Data
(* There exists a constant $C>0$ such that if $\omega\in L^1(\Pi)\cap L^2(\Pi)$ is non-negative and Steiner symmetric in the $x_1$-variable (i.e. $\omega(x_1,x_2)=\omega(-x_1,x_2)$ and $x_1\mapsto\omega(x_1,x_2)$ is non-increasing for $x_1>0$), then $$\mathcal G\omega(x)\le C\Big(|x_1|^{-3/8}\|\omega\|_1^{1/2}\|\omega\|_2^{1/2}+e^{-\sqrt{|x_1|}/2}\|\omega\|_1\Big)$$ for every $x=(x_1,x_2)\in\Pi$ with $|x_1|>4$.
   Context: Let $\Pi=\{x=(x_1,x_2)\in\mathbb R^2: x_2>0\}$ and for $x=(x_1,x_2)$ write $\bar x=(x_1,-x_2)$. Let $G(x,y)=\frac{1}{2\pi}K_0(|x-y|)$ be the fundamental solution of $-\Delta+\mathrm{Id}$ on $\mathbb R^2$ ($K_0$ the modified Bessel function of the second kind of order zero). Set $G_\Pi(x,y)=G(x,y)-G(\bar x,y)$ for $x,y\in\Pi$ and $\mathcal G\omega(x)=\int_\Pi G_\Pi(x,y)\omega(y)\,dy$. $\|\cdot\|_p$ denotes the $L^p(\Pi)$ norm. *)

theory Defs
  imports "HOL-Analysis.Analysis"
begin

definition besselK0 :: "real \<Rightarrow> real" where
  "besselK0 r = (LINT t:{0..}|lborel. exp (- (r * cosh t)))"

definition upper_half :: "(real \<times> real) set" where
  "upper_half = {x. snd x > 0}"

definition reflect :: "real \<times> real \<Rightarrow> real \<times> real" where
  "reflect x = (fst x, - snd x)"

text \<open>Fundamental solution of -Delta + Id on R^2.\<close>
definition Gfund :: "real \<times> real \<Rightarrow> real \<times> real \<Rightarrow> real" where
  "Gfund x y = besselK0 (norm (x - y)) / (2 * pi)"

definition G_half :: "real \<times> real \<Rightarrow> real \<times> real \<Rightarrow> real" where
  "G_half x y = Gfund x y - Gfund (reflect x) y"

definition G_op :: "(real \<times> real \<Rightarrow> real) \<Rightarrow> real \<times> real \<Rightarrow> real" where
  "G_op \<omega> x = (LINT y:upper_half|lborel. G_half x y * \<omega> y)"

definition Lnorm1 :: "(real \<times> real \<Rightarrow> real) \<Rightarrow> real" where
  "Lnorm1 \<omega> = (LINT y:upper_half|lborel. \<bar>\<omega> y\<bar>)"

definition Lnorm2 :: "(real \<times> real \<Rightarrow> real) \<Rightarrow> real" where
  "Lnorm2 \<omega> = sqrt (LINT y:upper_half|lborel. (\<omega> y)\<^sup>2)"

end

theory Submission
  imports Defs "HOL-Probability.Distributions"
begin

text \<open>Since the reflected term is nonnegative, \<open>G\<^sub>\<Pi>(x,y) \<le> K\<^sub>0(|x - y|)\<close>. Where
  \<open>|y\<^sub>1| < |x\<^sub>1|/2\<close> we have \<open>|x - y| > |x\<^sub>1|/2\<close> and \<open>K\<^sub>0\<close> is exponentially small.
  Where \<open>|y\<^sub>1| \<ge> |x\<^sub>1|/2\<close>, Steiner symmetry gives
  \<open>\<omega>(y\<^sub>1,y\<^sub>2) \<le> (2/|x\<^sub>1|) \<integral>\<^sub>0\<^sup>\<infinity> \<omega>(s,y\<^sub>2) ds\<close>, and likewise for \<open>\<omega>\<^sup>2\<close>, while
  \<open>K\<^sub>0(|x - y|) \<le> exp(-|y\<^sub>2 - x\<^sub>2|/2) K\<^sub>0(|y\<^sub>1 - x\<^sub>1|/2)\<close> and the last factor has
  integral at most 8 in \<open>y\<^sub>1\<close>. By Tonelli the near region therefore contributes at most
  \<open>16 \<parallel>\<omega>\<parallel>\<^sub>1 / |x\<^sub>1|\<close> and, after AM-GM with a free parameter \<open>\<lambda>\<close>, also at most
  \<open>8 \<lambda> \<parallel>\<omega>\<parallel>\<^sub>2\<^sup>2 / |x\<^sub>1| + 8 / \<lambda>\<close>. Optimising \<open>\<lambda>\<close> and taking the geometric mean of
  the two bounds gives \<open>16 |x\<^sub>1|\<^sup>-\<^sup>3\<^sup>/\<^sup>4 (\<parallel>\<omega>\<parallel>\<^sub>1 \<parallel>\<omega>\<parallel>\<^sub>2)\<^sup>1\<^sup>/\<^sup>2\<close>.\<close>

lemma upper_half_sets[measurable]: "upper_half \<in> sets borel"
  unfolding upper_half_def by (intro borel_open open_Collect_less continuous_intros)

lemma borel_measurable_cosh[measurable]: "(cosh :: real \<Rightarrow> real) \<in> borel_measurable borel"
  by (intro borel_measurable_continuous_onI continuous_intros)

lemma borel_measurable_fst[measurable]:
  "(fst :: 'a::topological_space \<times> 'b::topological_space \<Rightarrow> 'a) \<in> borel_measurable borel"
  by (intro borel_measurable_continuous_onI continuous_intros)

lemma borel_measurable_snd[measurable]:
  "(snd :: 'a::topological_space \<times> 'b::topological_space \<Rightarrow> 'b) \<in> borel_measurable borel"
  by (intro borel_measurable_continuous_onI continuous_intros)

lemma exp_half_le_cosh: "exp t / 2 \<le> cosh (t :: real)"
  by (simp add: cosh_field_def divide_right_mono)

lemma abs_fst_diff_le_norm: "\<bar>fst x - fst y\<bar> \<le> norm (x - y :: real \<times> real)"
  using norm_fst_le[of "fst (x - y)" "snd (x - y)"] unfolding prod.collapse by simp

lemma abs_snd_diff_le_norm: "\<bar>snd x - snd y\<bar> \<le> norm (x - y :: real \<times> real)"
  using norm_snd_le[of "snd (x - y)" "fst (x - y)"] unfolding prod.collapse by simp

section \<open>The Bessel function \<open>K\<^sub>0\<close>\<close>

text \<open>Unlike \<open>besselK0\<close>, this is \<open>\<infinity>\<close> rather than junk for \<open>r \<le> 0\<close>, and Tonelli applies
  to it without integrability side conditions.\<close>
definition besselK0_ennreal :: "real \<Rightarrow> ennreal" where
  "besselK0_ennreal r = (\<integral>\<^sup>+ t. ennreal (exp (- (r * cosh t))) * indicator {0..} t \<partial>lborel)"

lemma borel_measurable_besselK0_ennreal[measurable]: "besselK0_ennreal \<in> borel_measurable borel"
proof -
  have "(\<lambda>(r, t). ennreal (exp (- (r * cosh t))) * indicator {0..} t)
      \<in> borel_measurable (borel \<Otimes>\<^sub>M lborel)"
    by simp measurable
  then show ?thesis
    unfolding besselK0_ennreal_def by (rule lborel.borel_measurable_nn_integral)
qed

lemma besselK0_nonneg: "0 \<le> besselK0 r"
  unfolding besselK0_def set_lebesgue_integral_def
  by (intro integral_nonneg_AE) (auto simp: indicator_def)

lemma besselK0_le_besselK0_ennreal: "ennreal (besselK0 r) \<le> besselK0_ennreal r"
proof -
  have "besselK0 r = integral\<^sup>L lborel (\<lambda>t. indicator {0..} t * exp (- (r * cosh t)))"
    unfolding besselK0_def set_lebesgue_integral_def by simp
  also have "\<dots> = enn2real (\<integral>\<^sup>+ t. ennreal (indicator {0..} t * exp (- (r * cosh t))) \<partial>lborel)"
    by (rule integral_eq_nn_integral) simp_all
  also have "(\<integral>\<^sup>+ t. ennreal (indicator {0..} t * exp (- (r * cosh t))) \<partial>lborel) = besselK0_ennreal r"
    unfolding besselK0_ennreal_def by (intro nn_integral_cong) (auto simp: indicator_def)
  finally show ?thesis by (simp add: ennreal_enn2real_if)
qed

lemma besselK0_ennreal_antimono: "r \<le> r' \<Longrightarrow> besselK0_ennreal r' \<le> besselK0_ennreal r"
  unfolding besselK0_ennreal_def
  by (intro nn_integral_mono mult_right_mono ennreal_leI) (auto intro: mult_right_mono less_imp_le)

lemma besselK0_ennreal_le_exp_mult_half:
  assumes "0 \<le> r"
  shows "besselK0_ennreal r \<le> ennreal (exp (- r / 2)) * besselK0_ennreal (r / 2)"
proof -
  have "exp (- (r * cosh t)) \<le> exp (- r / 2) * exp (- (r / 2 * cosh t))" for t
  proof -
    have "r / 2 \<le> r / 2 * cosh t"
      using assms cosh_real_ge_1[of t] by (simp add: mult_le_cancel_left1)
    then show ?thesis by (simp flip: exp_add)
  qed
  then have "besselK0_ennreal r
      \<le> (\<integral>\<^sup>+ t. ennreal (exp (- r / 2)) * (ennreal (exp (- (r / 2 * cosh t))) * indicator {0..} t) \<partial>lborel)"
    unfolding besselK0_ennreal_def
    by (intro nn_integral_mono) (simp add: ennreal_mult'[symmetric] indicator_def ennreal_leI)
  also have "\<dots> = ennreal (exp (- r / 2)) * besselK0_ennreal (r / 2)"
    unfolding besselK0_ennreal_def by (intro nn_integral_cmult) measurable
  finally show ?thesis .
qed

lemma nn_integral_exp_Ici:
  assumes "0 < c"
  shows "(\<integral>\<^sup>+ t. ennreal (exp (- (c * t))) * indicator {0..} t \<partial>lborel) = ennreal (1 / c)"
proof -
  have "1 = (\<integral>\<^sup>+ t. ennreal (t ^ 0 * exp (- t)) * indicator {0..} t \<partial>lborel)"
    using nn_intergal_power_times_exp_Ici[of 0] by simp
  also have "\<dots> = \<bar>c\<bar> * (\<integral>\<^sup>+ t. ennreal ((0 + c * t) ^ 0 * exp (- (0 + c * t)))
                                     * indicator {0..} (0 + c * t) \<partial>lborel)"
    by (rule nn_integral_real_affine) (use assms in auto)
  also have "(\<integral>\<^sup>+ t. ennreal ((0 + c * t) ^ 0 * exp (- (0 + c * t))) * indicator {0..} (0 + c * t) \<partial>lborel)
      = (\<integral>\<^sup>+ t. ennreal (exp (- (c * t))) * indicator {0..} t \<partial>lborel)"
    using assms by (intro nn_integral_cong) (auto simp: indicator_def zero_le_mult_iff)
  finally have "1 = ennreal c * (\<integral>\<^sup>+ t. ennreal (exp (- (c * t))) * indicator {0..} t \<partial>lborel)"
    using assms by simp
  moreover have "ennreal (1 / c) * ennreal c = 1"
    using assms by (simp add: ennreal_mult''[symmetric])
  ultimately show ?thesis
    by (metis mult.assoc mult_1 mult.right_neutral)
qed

Activity
Could you reproduce, exactly, every line above from the line with "integral at most" to the line with "also at most", and no other line? Both ends count.

Answer to this exercise
  integral at most 8 in \<open>y\<^sub>1\<close>. By Tonelli the near region therefore contributes at most
  \<open>16 \<parallel>\<omega>\<parallel>\<^sub>1 / |x\<^sub>1|\<close> and, after AM-GM with a free parameter \<open>\<lambda>\<close>, also at most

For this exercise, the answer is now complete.